Much to Ali’s surprise, in the ensuing months, Detective Morris and Brenda had morphed into a romantic item, complete with a beachside wedding Ali had attended solo because B. was off on some business trip or other. After the ceremony, Gil and Brenda had laughingly told Ali that theirs was a match made in hell rather than heaven.
“Yes, she’s still sober,” Ali said. “She wrote a book that's due out soon. You do remember that her mother died, don’t you?”
“Not really,” B. admitted.
“Brenda’s share of the estate evidently came to quite a chunk of change. Last month Gil was able to pull the pin on his job with the Grass Valley PD.”
“He’s a little young to be retired, isn’t he?” B. asked.
“He’s only retired from law enforcement,” Ali answered. “He and Brenda are in the process of buying an operating B-and-B in Ashland, Oregon. Ashland isn’t all that
far from Redding, where Gil’s kids live with his ex-wife.”

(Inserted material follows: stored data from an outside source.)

lemma facet_exponents_in_Rset:
  fixes m :: "'d::finite \<Rightarrow> nat"
  assumes "1 \<le> lam" "sum m UNIV + lam = e"
  shows "facet_exponents m \<in> Rset lam e"
proof -
  obtain i0 where i0: "m i0 = Max (range m)" by (metis Max_in UNIV_not_empty finite_imageI finite image_is_empty rangeE)
  have "Min (range (facet_exponents m)) = 0"
    using i0 unfolding facet_exponents_def by (intro Min_eqI) (auto intro!: image_eqI[of _ _ i0])
  moreover have "Max (range (facet_exponents m)) * CARD('d) \<le> CARD('d) * Max (range m)"
    unfolding facet_exponents_def by (simp add: mult.commute)
  then have "Max (range (facet_exponents m)) * CARD('d) < e + sum (facet_exponents m) UNIV"
    unfolding sum_facet_exponents[OF assms(2)] using assms(1) by linarith
  ultimately show ?thesis
    unfolding Rset_def by (simp add: sum_facet_exponents[OF assms(2)])
qed

lemma Falpha_face_of_Ppoly:
  fixes m :: "'d::finite \<Rightarrow> nat"
  assumes "prime p" "sum m UNIV + lam = e"
  shows "Falpha p e lam (facet_exponents m) face_of Ppoly (p ^ e)"
proof -
  let ?a = "\<chi> i. real p ^ facet_exponents m i"
  let ?c = "real lam * real p ^ (Max (range m) + 1) + (real CARD('d) - real lam) * real p ^ Max (range m)"
  have "Falpha p e lam (facet_exponents m) = Ppoly (p ^ e) \<inter> {x. ?a \<bullet> x = ?c}"
    unfolding Falpha_def mu_facet_exponents[OF assms(2)] inner_vec_def by auto
  moreover have "convex (Ppoly (p ^ e) :: (real^'d) set)" unfolding Ppoly_def by simp
  ultimately show ?thesis
    using Ppoly_supporting_halfspace[OF assms(1) sum_facet_exponents[OF assms(2)]]
    by (simp add: face_of_Int_supporting_hyperplane_ge)
qed

lemma pvec_in_Falpha:
  fixes m b :: "'d::finite \<Rightarrow> nat"
  assumes "sum m UNIV + lam = e" "sum b UNIV = e" "\<And>i. m i \<le> b i \<and> b i \<le> m i + 1"
  shows "pvec p b \<in> Falpha p e lam (facet_exponents m)"
proof -
  have "pvec p b \<in> Ppoly (p ^ e)" by (rule pvec_in_Ppoly[OF assms(2)])
  moreover have "(\<Sum>i\<in>UNIV. real p ^ (facet_exponents m i + b i))
      = real lam * real p ^ (Max (range m) + 1) + (real CARD('d) - real lam) * real p ^ Max (range m)"
  proof (rule sum_power_eq_secant)
    show "(\<Sum>i\<in>UNIV. facet_exponents m i + b i) = CARD('d) * Max (range m) + lam"
      using sum_facet_exponents[OF assms(1)] assms(2) by (simp add: sum.distrib)
    show "facet_exponents m i + b i = Max (range m) \<or> facet_exponents m i + b i = Max (range m) + 1" for i
      using assms(3)[of i] facet_exponents_add[of m i] by linarith
  qed simp
  ultimately show ?thesis
    unfolding Falpha_def mu_facet_exponents[OF assms(1)] using inner_pvec[unfolded inner_vec_def]
    by (simp add: pvec_def power_add)
qed

lemma aff_dim_Falpha_ge:
  fixes m :: "'d::finite \<Rightarrow> nat"
  assumes "p \<ge> 2" "1 \<le> lam" "lam < CARD('d)" "sum m UNIV + lam = e"
  shows "int CARD('d) - 1 \<le> aff_dim (Falpha p e lam (facet_exponents m))"
proof -
  let ?F = "Falpha p e lam (facet_exponents m)"
  let ?a = "\<chi> i. real p ^ facet_exponents m i"
  define w where "w i = (real p - 1) * real p ^ m i" for i
  have box: "pvec p (\<lambda>j. m j + of_bool (j \<in> A)) \<in> ?F" if "card A = lam" for A :: "'d set"
    using assms(4) that by (intro pvec_in_Falpha) (auto simp: sum.distrib)
  have swap: "\<exists>u\<in>?F. \<exists>v\<in>?F. u - v = w i *\<^sub>R axis i 1 - w k *\<^sub>R axis k 1" if "i \<noteq> k" for i k
  proof -
    have "card (UNIV - {i, k}) = CARD('d) - 2" using that by (simp add: card_Diff_subset)
    then have "lam - 1 \<le> card (UNIV - {i, k})" using assms(3) by linarith
    then obtain A where A: "A \<subseteq> UNIV - {i, k}" "card A = lam - 1" "finite A"
      by (rule obtain_subset_with_card_n)
    then have "i \<notin> A" "k \<notin> A" by auto
    then have "card (insert i A) = lam" "card (insert k A) = lam" using A(2,3) assms(2) by auto
    moreover have "pvec p (\<lambda>j. m j + of_bool (j \<in> insert i A)) - pvec p (\<lambda>j. m j + of_bool (j \<in> insert k A))
        = w i *\<^sub>R axis i 1 - w k *\<^sub>R axis k 1"
    proof (rule vec_eq_iff[THEN iffD2], intro allI)
      fix j
      show "(pvec p (\<lambda>j. m j + of_bool (j \<in> insert i A)) - pvec p (\<lambda>j. m j + of_bool (j \<in> insert k A))) $ j
          = (w i *\<^sub>R axis i 1 - w k *\<^sub>R axis k 1) $ j"
        using A(1) that unfolding pvec_def w_def axis_def by (cases "j = i"; cases "j = k") (auto simp: algebra_simps)
    qed
    ultimately show ?thesis using box by blast
  qed
  obtain A :: "'d set" where A: "card A = lam"
    using assms(3) obtain_subset_with_card_n[of lam "UNIV :: 'd set"] by auto
  then obtain k where "k \<in> A" using assms(2) by fastforce
  have aw: "?a $ i * w i = (real p - 1) * real p ^ Max (range m)" for i
    using facet_exponents_add[of m i] by (simp add: w_def power_add[symmetric] algebra_simps)
  have hyp: "{y. ?a \<bullet> y = ?a \<bullet> pvec p (\<lambda>j. m j + of_bool (j \<in> A))} \<subseteq> affine hull ?F"
    by (rule hyperplane_subset_affine_hull_axis_differences[OF box[OF A] _ aw swap]) (use assms(1) in simp_all)
  have "?a \<noteq> 0"
  proof
    assume "?a = 0"
    then have "?a $ k = 0" by simp
    then show False using assms(1) by simp
  qed
  then have "int CARD('d) - 1 = aff_dim {y. ?a \<bullet> y = ?a \<bullet> pvec p (\<lambda>j. m j + of_bool (j \<in> A))}"
    by simp
  also have "\<dots> \<le> aff_dim ?F" using aff_dim_subset[OF hyp] by simp
  finally show ?thesis .
qed

lemma Falpha_neq_Ppoly:
  fixes m :: "'d::finite \<Rightarrow> nat"
  assumes "p \<ge> 2" "e \<ge> 2" "CARD('d) \<ge> 2" "sum m UNIV + lam = e"
  shows "Falpha p e lam (facet_exponents m) \<noteq> Ppoly (p ^ e)"
proof -
  let ?\<mu> = "Max (range m)"
  obtain j t where jt: "facet_exponents m t + (if t = j then e else 0) \<notin> {?\<mu>, ?\<mu> + 1}"
  proof (cases "\<exists>i. m i \<ge> 1")
    case True
    then obtain i where i: "m i \<ge> 1" by blast
    have "\<not> card (UNIV :: 'd set) \<le> Suc 0" using assms(3) by simp
    then obtain a b :: 'd where "a \<noteq> b" using card_le_Suc0_iff_eq[of "UNIV :: 'd set"] by auto
    then obtain j where "j \<noteq> i" by metis
    then show ?thesis using that[of i j] i facet_exponents_add[of m i] by auto
  next
    case False
    then have "m = (\<lambda>_. 0)" by (auto simp: fun_eq_iff not_le)
    then show ?thesis using that[of t t] facet_exponents_add[of m t] assms(2) by auto
  qed
  define \<beta> where "\<beta> l = (if l = j then e else 0)" for l
  have "sum \<beta> UNIV = e" by (simp add: \<beta>_def)
  then have "pvec p \<beta> \<in> Ppoly (p ^ e)" by (rule pvec_in_Ppoly)
  moreover have "real lam * real p ^ (?\<mu> + 1) + (real CARD('d) - real lam) * real p ^ ?\<mu>
      < (\<Sum>i\<in>UNIV. real p ^ (facet_exponents m i + \<beta> i))"
  proof (rule sum_power_gt_secant[where j = t])
    show "(\<Sum>i\<in>UNIV. facet_exponents m i + \<beta> i) = CARD('d) * ?\<mu> + lam"
      using sum_facet_exponents[OF assms(4)] \<open>sum \<beta> UNIV = e\<close> by (simp add: sum.distrib)
  qed (use jt assms(1) \<beta>_def in auto)
  then have "pvec p \<beta> \<notin> Falpha p e lam (facet_exponents m)"
    unfolding Falpha_def mu_facet_exponents[OF assms(4)] by (simp add: pvec_def power_add)
  ultimately show ?thesis by blast
qed

lemma regular_facet_Falpha:
  fixes m :: "'d::finite \<Rightarrow> nat"
  assumes "prime p" "e \<ge> 2" "1 \<le> lam" "lam < CARD('d)" "sum m UNIV + lam = e"
  shows "regular_facet p e (Falpha p e lam (facet_exponents m))"
proof -
  let ?F = "Falpha p e lam (facet_exponents m)" and ?P = "Ppoly (p ^ e) :: (real^'d) set"
  have p2: "p \<ge> 2" using assms(1) prime_ge_2_nat by blast
  have face: "?F face_of ?P" by (rule Falpha_face_of_Ppoly[OF assms(1,5)])
  have "convex ?P" unfolding Ppoly_def by simp
  then have "aff_dim ?F < aff_dim ?P"
    using face Falpha_neq_Ppoly[OF p2 assms(2) _ assms(5)] assms(3,4) by (intro face_of_aff_dim_lt) auto
  moreover have "aff_dim ?P \<le> int CARD('d)" using aff_dim_le_DIM[of ?P] by simp
  moreover have "int CARD('d) - 1 \<le> aff_dim ?F" by (rule aff_dim_Falpha_ge[OF p2 assms(3-5)])
  ultimately have "?F facet_of ?P"
    unfolding facet_of_def using face assms(3,4) aff_dim_empty[of ?F] by auto
  then show ?thesis
    unfolding regular_facet_def using assms(3-5) facet_exponents_in_Rset[OF assms(3,5)] by auto
qed

lemma eq_one_if_sum_ge_card:
  fixes f :: "'a \<Rightarrow> nat"
  assumes "finite A" "\<And>j. j \<in> A \<Longrightarrow> f j \<le> 1" "card A \<le> sum f A" "i \<in> A"
  shows "f i = 1"
proof (rule ccontr)
  assume "f i \<noteq> 1"
  then have "sum f A < (\<Sum>j\<in>A. 1)"
    using assms(1,2,4) by (intro sum_strict_mono_ex1) (auto simp: le_less)
  then show False using assms(3) by simp
qed

lemma unit_box_around_exponent:
  fixes b :: "'d::finite \<Rightarrow> nat"
  assumes "sum b UNIV = e" "e \<ge> 1"
  obtains m where "sum m UNIV + 1 = e" "\<And>i. m i \<le> b i \<and> b i \<le> m i + 1"
proof -
  obtain j where j: "b j \<ge> 1"
    using assms by (metis less_one not_le sum.neutral UNIV_I)
  define m where "m i = b i - of_bool (i = j)" for i
  have "sum b UNIV = (\<Sum>i\<in>UNIV. m i + of_bool (i = j))"
    using j by (intro sum.cong) (auto simp: m_def)
  also have "\<dots> = sum m UNIV + 1" by (simp add: sum.distrib)
  finally show ?thesis
    using assms(1) by (intro that[of m]) (auto simp: m_def)
qed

“Sounds like a lot of work,” B. said.
“Having an ex-wife?”
“No, running a B-and-B. It’s a job description that automatically requires the owner to be civil to a bunch of yahoo customers first thing in the morning,” B said. “Before you even have your first cup of coffee. Spare me.”
“Because you’re a grump in the morning?” Ali asked.
“Pretty much,” B. agreed.
When their joint workout was over, Ali and B. paused in the kitchen long enough to share a cup of coffee and two pieces of leftover pizza. Coffee beans kept in the freezer were the only fresh food that could survive B.’s long absences without going bad. Ali was grateful for the pizza. After spending the night living in sin at her place or B.’s, she was capable of showing up at the Sugarloaf and brazening it out with her parents, but she didn’t like doing it.
“I’m going to miss you,” Ali said.
“No, you won’t,” B. replied. “You’ll be too busy planting that garden of yours to even notice I’m gone.”
“You’re wrong,” Ali told him. “I’ll notice.”
Sometime later, knowing that B. needed time to get gathered up and packed, Ali kissed him goodbye and headed home, where she found she had the place to herself. Leland was out doing some last-minute shopping for dinner, while the house was filled with the tangy aromas of the duck-breast and sausage-laced cassoulet they would share that evening with Sister Anselm.
Stopping off long enough to pour herself a cup of coffee, she went into the library, where there was a distinct chill in the air. A storm had blown in overnight, driving away yesterday’s bright blue sky. Outside her window, a few flurries of snowflakes drifted from an overcast sky.
“So much for spring,” Ali muttered, lighting the gas log in the fireplace.